# NPR Performance Today 50 Classical CD List



## cisummusic (Sep 9, 2011)

Hello all,

I am building a classical music CD collection based on ... NPR PT 50 list.

I was tired of how slow the NPR PT 50 Classical music CD 
list link loaded and so 
I created a list that loads 
faster. http://dev.rajasekharan.com/music/pt50.html

I created this initially for my reference. I am now thinking that this can help other
beginning CD collectors.

May be a way to tell what you have already added to the collection?

A shareable wish list?

A mobile app to track your collection?

What do you guys think ? Any thoughts?

-Senthil


----------



## haydnfan (Apr 13, 2011)

Anyone with several thousand cds would scoff at it, but imo that is a good starts 50 list.

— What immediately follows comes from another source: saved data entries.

lemma bip_perm_expect_col_cycle:
  fixes \<psi> :: "'x::finite \<Rightarrow> 'y::finite \<Rightarrow> complex"
  assumes n: "n > 0" and \<tau>: "bij_betw \<tau> {1..n^2} {1..n^2}"
    and \<sigma>: "\<And>i. i \<in> {1..n^2} \<Longrightarrow> col_cycle n (\<tau> i) = \<sigma> i"
  shows "bip_perm_expect \<psi> (n^2) \<sigma> \<tau> = mtrace (mpow (gram \<psi>) n) ^ n"
proof -
  have "bij_betw (grid_pos n \<circ> prod.swap) ({..<n} \<times> {..<n}) {1..n^2}"
    by (rule bij_betw_trans[OF _ bij_betw_grid_pos]) (simp add: bij_betw_def product_swap)
  from bip_perm_expect_cycles[where \<pi> = "col_cycle n" and K = "{..<n}", OF \<tau> \<sigma> _ this n]
  show ?thesis by (simp add: col_cycle_grid_pos)
qed

definition antidiag_cell :: "nat \<Rightarrow> nat \<times> nat \<Rightarrow> nat \<times> nat" where
  "antidiag_cell n p = ((fst p + (n - 1) * snd p) mod n, snd p)"

lemma bij_betw_antidiag_cell:
  assumes n: "n > 0"
  shows "bij_betw (antidiag_cell n) ({..<n} \<times> {..<n}) ({..<n} \<times> {..<n})"
proof (rule bij_betw_byWitness[where f' = "\<lambda>(r, c). ((r + c) mod n, c)"])
  have nj: "(n - 1) * j + j = n * j" "j + (n - 1) * j = n * j" for j
    using n by (metis Suc_diff_1 add.commute mult_Suc)+
  show "\<forall>p\<in>{..<n} \<times> {..<n}. (\<lambda>(r, c). ((r + c) mod n, c)) (antidiag_cell n p) = p"
  proof
    fix p assume "p \<in> {..<n} \<times> {..<n}"
    then obtain k j where kj: "p = (k, j)" "k < n" by auto
    have "((k + (n - 1) * j) mod n + j) mod n = (k + ((n - 1) * j + j)) mod n"
      by (simp add: mod_add_left_eq add.assoc)
    also have "\<dots> = k" using kj nj by simp
    finally show "(\<lambda>(r, c). ((r + c) mod n, c)) (antidiag_cell n p) = p"
      by (simp add: antidiag_cell_def kj)
  qed
  show "\<forall>p\<in>{..<n} \<times> {..<n}. antidiag_cell n ((\<lambda>(r, c). ((r + c) mod n, c)) p) = p"
  proof
    fix p assume "p \<in> {..<n} \<times> {..<n}"
    then obtain r c where rc: "p = (r, c)" "r < n" by auto
    have "((r + c) mod n + (n - 1) * c) mod n = (r + (c + (n - 1) * c)) mod n"
      by (simp add: mod_add_left_eq add.assoc)
    also have "\<dots> = r" using rc nj by simp
    finally show "antidiag_cell n ((\<lambda>(r, c). ((r + c) mod n, c)) p) = p"
      by (simp add: antidiag_cell_def rc)
  qed
qed (use n in \<open>auto simp: antidiag_cell_def\<close>)

lemma antidiag_cell_step:
  assumes "n > 0"
  shows "(fst (antidiag_cell n (k, j)) + n - 1) mod n = fst (antidiag_cell n (k, Suc j mod n))"
proof -
  have "((k + (n - 1) * j) mod n + n - 1) mod n = ((k + (n - 1) * j) mod n + (n - 1)) mod n"
    using assms by simp
  also have "\<dots> = (k + (n - 1) * j + (n - 1)) mod n"
    by (simp add: mod_add_left_eq)
  also have "\<dots> = (k + (n - 1) * Suc j) mod n"
    by (simp add: mult_Suc_right add.commute add.left_commute)
  also have "\<dots> = (k + (n - 1) * (Suc j mod n)) mod n"
    by (metis mod_add_right_eq mod_mult_right_eq)
  finally show ?thesis by (simp add: antidiag_cell_def)
qed

text \<open>Here \<open>\<pi> = \<pi>\<^sup>(\<^sup>1\<^sup>) \<circ> (\<pi>\<^sup>(\<^sup>2\<^sup>))\<inverse>\<close> moves the cell \<open>(r, c)\<close> to \<open>(r - 1, c + 1)\<close>, so its cycles are
  the \<open>n\<close> anti-diagonals \<open>r + c \<equiv> k (mod n)\<close>, each run through by \<open>j \<mapsto> (k - j, j)\<close>.\<close>
lemma bip_perm_expect_row_col_cycle:
  fixes \<psi> :: "'x::finite \<Rightarrow> 'y::finite \<Rightarrow> complex"
  assumes n: "n > 0"
  shows "bip_perm_expect \<psi> (n^2) (row_cycle n) (col_cycle n) = mtrace (mpow (gram \<psi>) n) ^ n"
proof -
  have g: "bij_betw (grid_pos n \<circ> antidiag_cell n) ({..<n} \<times> {..<n}) {1..n^2}"
    by (rule bij_betw_trans[OF bij_betw_antidiag_cell[OF n] bij_betw_grid_pos])
  have cyc: "row_cycle n (col_cycle_inv n (grid_pos n (antidiag_cell n (k, j))))
      = grid_pos n (antidiag_cell n (k, Suc j mod n))" if "j < n" for k j
    using that n antidiag_cell_step[OF n, of k j]
    by (simp add: antidiag_cell_def col_cycle_inv_grid_pos row_cycle_grid_pos)
  have "bip_perm_expect \<psi> (n^2) (row_cycle n) (col_cycle n) = mtrace (mpow (gram \<psi>) n) ^ card {..<n}"
    by (rule bip_perm_expect_cycles[where \<pi> = "\<lambda>i. row_cycle n (col_cycle_inv n i)",
          OF bij_betw_col_cycle _ _ g n])
       (use col_cycle_inv_col_cycle cyc in simp_all)
  then show ?thesis by simp
qed

section \<open>The tripartite state\<close>

lemma sum_PiE_pairs:
  fixes F :: "('i \<Rightarrow> 'p::finite \<times> 'q::finite) \<Rightarrow> 'c::comm_monoid_add"
  shows "(\<Sum>a\<in>PiE I (\<lambda>_. UNIV). F a)
       = (\<Sum>a1\<in>PiE I (\<lambda>_. UNIV). \<Sum>a2\<in>PiE I (\<lambda>_. UNIV). F (\<lambda>i\<in>I. (a1 i, a2 i)))"
proof -
  have "(\<Sum>a\<in>PiE I (\<lambda>_. UNIV). F a)
      = (\<Sum>(a1, a2)\<in>PiE I (\<lambda>_. UNIV) \<times> PiE I (\<lambda>_. UNIV). F (\<lambda>i\<in>I. (a1 i, a2 i)))"
    by (rule sum.reindex_bij_witness[where i = "\<lambda>(a1, a2). \<lambda>i\<in>I. (a1 i, a2 i)"
          and j = "\<lambda>a. (restrict (fst \<circ> a) I, restrict (snd \<circ> a) I)"])
       (auto simp: PiE_def extensional_def fun_eq_iff intro!: arg_cong[where f = F])
  then show ?thesis
    by (simp add: sum.cartesian_product)
qed

lemma sum_nested4_mult:
  fixes f h :: "_ \<Rightarrow> 'c::comm_semiring_1"
  shows "(\<Sum>a\<in>A. \<Sum>b\<in>B. \<Sum>c\<in>C. \<Sum>d\<in>D. f a * g b c * h d)
       = (\<Sum>a\<in>A. f a) * (\<Sum>b\<in>B. \<Sum>c\<in>C. g b c) * (\<Sum>d\<in>D. h d)"
  unfolding mult.assoc sum_distrib_right by (unfold sum_distrib_left) (rule refl)

lemma sum_nested6_mult:
  fixes f g h :: "_ \<Rightarrow> _ \<Rightarrow> 'c::comm_semiring_1"
  shows "(\<Sum>a1\<in>A1. \<Sum>a2\<in>A2. \<Sum>b1\<in>B1. \<Sum>b2\<in>B2. \<Sum>c1\<in>C1. \<Sum>c2\<in>C2. f a1 b1 * g a2 c1 * h b2 c2)
   = (\<Sum>a1\<in>A1. \<Sum>b1\<in>B1. f a1 b1) * (\<Sum>a2\<in>A2. \<Sum>c1\<in>C1. g a2 c1) * (\<Sum>b2\<in>B2. \<Sum>c2\<in>C2. h b2 c2)"
proof -
  have "(\<Sum>a1\<in>A1. \<Sum>a2\<in>A2. \<Sum>b1\<in>B1. \<Sum>b2\<in>B2. \<Sum>c1\<in>C1. \<Sum>c2\<in>C2. f a1 b1 * g a2 c1 * h b2 c2)
     = (\<Sum>a1\<in>A1. \<Sum>b1\<in>B1. \<Sum>a2\<in>A2. \<Sum>b2\<in>B2. \<Sum>c1\<in>C1. \<Sum>c2\<in>C2. f a1 b1 * g a2 c1 * h b2 c2)"
    by (intro sum.cong refl) (rule sum.swap)
  also have "\<dots> = (\<Sum>a1\<in>A1. \<Sum>b1\<in>B1. \<Sum>a2\<in>A2. \<Sum>c1\<in>C1. \<Sum>b2\<in>B2. \<Sum>c2\<in>C2. f a1 b1 * g a2 c1 * h b2 c2)"
    by (intro sum.cong refl) (rule sum.swap)
  also have "\<dots> = (\<Sum>a1\<in>A1. \<Sum>b1\<in>B1. f a1 b1) * (\<Sum>a2\<in>A2. \<Sum>c1\<in>C1. g a2 c1) * (\<Sum>b2\<in>B2. \<Sum>c2\<in>C2. h b2 c2)"
    unfolding mult.assoc sum_distrib_right by (unfold sum_distrib_left) (rule refl)
  finally show ?thesis .
qed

It's not meant to a top 50, just a sampler of some of the excellent works from different eras and genres that are easy get into... and it is just that.


----------



## GoneBaroque (Jun 16, 2011)

While some could quibble about certain of the selections or choice of performances the majority of those interpretations are top of the line. Should be an excellent starting for any novice.


----------



## Vesteralen (Jul 14, 2011)

I currently own only three of these discs, though I used to own a couple more, and I have different versions of a lot of them. Though they would certainly not be my fifty, I can't quibble too much.

I generally can't stand anything done by Daniel Barenboim, because he always seems to suck the life out of everything, but I've never heard him do Wagner, so I probably shouldn't say.

I can say this, though, if you decide to go for Handel's Water Music/Royal Fireworks Music. Get this one:










Gardiner may be good, but I've never heard a better version than this.


----------



## michaels (Oct 3, 2014)

You also might want to take a look at the Naxos "Getting Started" website to start (very inexpensive way to start, often a 3:1 ratio and can have fantastic recordings as well). It has a "Getting Started" volume of CDs to help you understand more of what you like from composers.

Then you can explore more via streaming to find conductors and performers you like and prefer. The "Currently Listening" thread and others have been a goldmine for me as well.


----------